Danie nodded. "She does not like to be wrong."

"I must say," Clouded Leopard said. "I like it better when she's quiet than went she's calling everybody murderers."

The Manager entered the room, and the "discussion table" fell silent. 

Today Owlgirl was wearing a dark navy shirt with the words, "Why do you write like you're running out of time?" in white letters, next to a white quill pen.*

"Fellow Ozians--I mean, CBers, Alter Egos and CAPTCHAs," Owlgirl chuckled at her slip-up. Then she continued. "As terrifying as terror is, let us put aside our panic for this one day...and celebrate a little bit of good news." The vacationers waited. "The slides--which, if you remember, used to be closed because of a substance leaking into their water--is now fixed and open! So when you go to your activities, you now have the opportunity to visit the three slides: The Plunge, Loopty-Loo, and Aquatica. I wont describe them--I'll let you go out and discover them!"

**********

 

*I actually own this shirt. I love it because it's one of my favorite Hamilton references from one of my favorite songs, and it's a writer-y thing too, since I love writing.

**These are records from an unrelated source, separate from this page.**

lemma laplace_quotient_ident:
  assumes s: "s > 0" and "\<delta> \<ge> 0"
  shows "laplace_quotient (\<lambda>t. t) \<delta> s = 1 - (1 + s * \<delta>) * exp (- s * \<delta>)"
proof -
  define G where "G t = - (t / s + 1 / s\<^sup>2) * exp (- s * t)" for t
  have "((\<lambda>t. exp (- s * t) * t) has_integral G \<delta> - G 0) {0..\<delta>}"
  proof (rule fundamental_theorem_of_calculus[OF \<open>\<delta> \<ge> 0\<close>])
    fix t
    have "(G has_real_derivative exp (- s * t) * t) (at t within {0..\<delta>})"
      unfolding G_def using s
      by (auto intro!: derivative_eq_intros simp: field_simps power2_eq_square)
    then show "(G has_vector_derivative exp (- s * t) * t) (at t within {0..\<delta>})"
      by (simp add: has_real_derivative_iff_has_vector_derivative)
  qed
  then show ?thesis
    using s unfolding laplace_quotient_def G_def
    by (simp add: integral_unique field_simps power2_eq_square)
qed

lemma laplace_quotient_ident_le_1: "s > 0 \<Longrightarrow> \<delta> \<ge> 0 \<Longrightarrow> laplace_quotient (\<lambda>t. t) \<delta> s \<le> 1"
  by (simp add: laplace_quotient_ident)

lemma laplace_quotient_ident_tendsto_1:
  assumes "\<delta> > 0"
  shows "(laplace_quotient (\<lambda>t. t) \<delta> \<longlongrightarrow> 1) at_top"
proof -
  have "((\<lambda>s. 1 - (1 + s * \<delta>) * exp (- s * \<delta>)) \<longlongrightarrow> 1) at_top"
    using assms by real_asymp
  moreover have "\<forall>\<^sub>F s in at_top. 1 - (1 + s * \<delta>) * exp (- s * \<delta>) = laplace_quotient (\<lambda>t. t) \<delta> s"
    using eventually_gt_at_top[of 0] by eventually_elim (use assms in \<open>simp add: laplace_quotient_ident\<close>)
  ultimately show ?thesis
    by (rule Lim_transform_eventually)
qed

lemma laplace_quotient_window:
  assumes cont: "continuous_on {0..\<delta>} \<phi>" and \<delta>': "0 < \<delta>'" "\<delta>' \<le> \<delta>"
  shows "((\<lambda>s. laplace_quotient \<phi> \<delta> s - laplace_quotient \<phi> \<delta>' s) \<longlongrightarrow> 0) at_top"
proof -
  obtain B where B: "\<forall>t\<in>{0..\<delta>}. \<bar>\<phi> t\<bar> \<le> B"
    using compact_imp_bounded[OF compact_continuous_image[OF cont compact_Icc]]
    unfolding bounded_real by auto
  have int: "(\<lambda>t. exp (- s * t) * \<phi> t) integrable_on {0..\<delta>}" for s
    by (intro integrable_continuous_real continuous_intros cont)
  have split: "laplace_quotient \<phi> \<delta> s - laplace_quotient \<phi> \<delta>' s
      = s\<^sup>2 * integral {\<delta>'..\<delta>} (\<lambda>t. exp (- s * t) * \<phi> t)" for s
    using Henstock_Kurzweil_Integration.integral_combine[OF _ _ int[of s], of \<delta>'] \<delta>'
    unfolding laplace_quotient_def by (simp add: right_diff_distrib[symmetric] eq_diff_eq)
  have bound: "\<bar>s\<^sup>2 * integral {\<delta>'..\<delta>} (\<lambda>t. exp (- s * t) * \<phi> t)\<bar>
      \<le> s\<^sup>2 * exp (- s * \<delta>') * (B * (\<delta> - \<delta>'))" if "s \<ge> 0" for s
  proof -
    have "norm (integral {\<delta>'..\<delta>} (\<lambda>t. exp (- s * t) * \<phi> t)) \<le> integral {\<delta>'..\<delta>} (\<lambda>t. exp (- s * \<delta>') * B)"
    proof (rule integral_norm_bound_integral)
      show "(\<lambda>t. exp (- s * t) * \<phi> t) integrable_on {\<delta>'..\<delta>}"
        by (rule integrable_on_subinterval[OF int]) (use \<delta>' in auto)
      fix t assume t: "t \<in> {\<delta>'..\<delta>}"
      have "exp (- s * t) \<le> exp (- s * \<delta>')"
        using t \<open>s \<ge> 0\<close> by (simp add: mult_left_mono)
      moreover have "\<bar>\<phi> t\<bar> \<le> B"
        using B t \<delta>' by auto
      ultimately show "norm (exp (- s * t) * \<phi> t) \<le> exp (- s * \<delta>') * B"
        by (simp add: abs_mult mult_mono)
    qed (intro integrable_continuous_real continuous_intros)
    then have "s\<^sup>2 * \<bar>integral {\<delta>'..\<delta>} (\<lambda>t. exp (- s * t) * \<phi> t)\<bar> \<le> s\<^sup>2 * (exp (- s * \<delta>') * B * (\<delta> - \<delta>'))"
      using \<delta>' by (intro mult_left_mono) (simp_all add: mult_ac)
    then show ?thesis
      by (simp add: abs_mult mult_ac)
  qed
  have "((\<lambda>s. s\<^sup>2 * exp (- s * \<delta>') * (B * (\<delta> - \<delta>'))) \<longlongrightarrow> 0) at_top"
    using \<delta>' by real_asymp
  then show ?thesis
    unfolding split
    by (rule Lim_null_comparison[rotated]) (use eventually_ge_at_top[of 0] in \<open>eventually_elim, use bound in simp\<close>)
qed

lemma abs_laplace_quotient_le:
  assumes cont: "continuous_on {0..\<eta>} \<phi>" and bound: "\<forall>t\<in>{0..\<eta>}. \<bar>\<phi> t\<bar> \<le> e * t"
    and "s > 0" "\<eta> \<ge> 0" "e \<ge> 0"
  shows "\<bar>laplace_quotient \<phi> \<eta> s\<bar> \<le> e"
proof -
  have "norm (integral {0..\<eta>} (\<lambda>t. exp (- s * t) * \<phi> t)) \<le> integral {0..\<eta>} (\<lambda>t. e * (exp (- s * t) * t))"
  proof (rule integral_norm_bound_integral)
    show "(\<lambda>t. exp (- s * t) * \<phi> t) integrable_on {0..\<eta>}" "(\<lambda>t. e * (exp (- s * t) * t)) integrable_on {0..\<eta>}"
      by (intro integrable_continuous_real continuous_intros cont)+
    show "norm (exp (- s * t) * \<phi> t) \<le> e * (exp (- s * t) * t)" if "t \<in> {0..\<eta>}" for t
      using bound that by (simp add: abs_mult mult.left_commute mult_left_mono)
  qed
  then have "\<bar>laplace_quotient \<phi> \<eta> s\<bar> \<le> s\<^sup>2 * (e * integral {0..\<eta>} (\<lambda>t. exp (- s * t) * t))"
    unfolding laplace_quotient_def abs_mult abs_power2 by (intro mult_left_mono) simp_all
  also have "\<dots> = e * laplace_quotient (\<lambda>t. t) \<eta> s"
    unfolding laplace_quotient_def by simp
  also have "\<dots> \<le> e"
    using laplace_quotient_ident_le_1[OF \<open>s > 0\<close> \<open>\<eta> \<ge> 0\<close>] \<open>e \<ge> 0\<close> by (rule mult_left_le)
  finally show ?thesis .
qed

submitted by The Manager/Owlgirl
(August 10, 2016 - 11:46 am)

Everyone wanted to go to the slides.

The crowd got to the three slides, their excitement escalating when they saw them.

On the right was the shortest slide, Aquatica. It was a inner tube ride--stacks of double and triple inner tubes sat next to the entrance of the series of stairs leading up to it. It was open, painted red and blue stripes. It didn't have any steep drops. The slide curved around the stairs a few times, the opened out with two turns, then gently emptied into its catchpool

In the middle was the second tallest slide. This one was enclosed, painted bright yellow. At the beginning it had a confusing tangle of curves and twists that the CBers realized was the reason the slide was called Loopity. After the "loopty-ness" was over, the slide sloped downwards.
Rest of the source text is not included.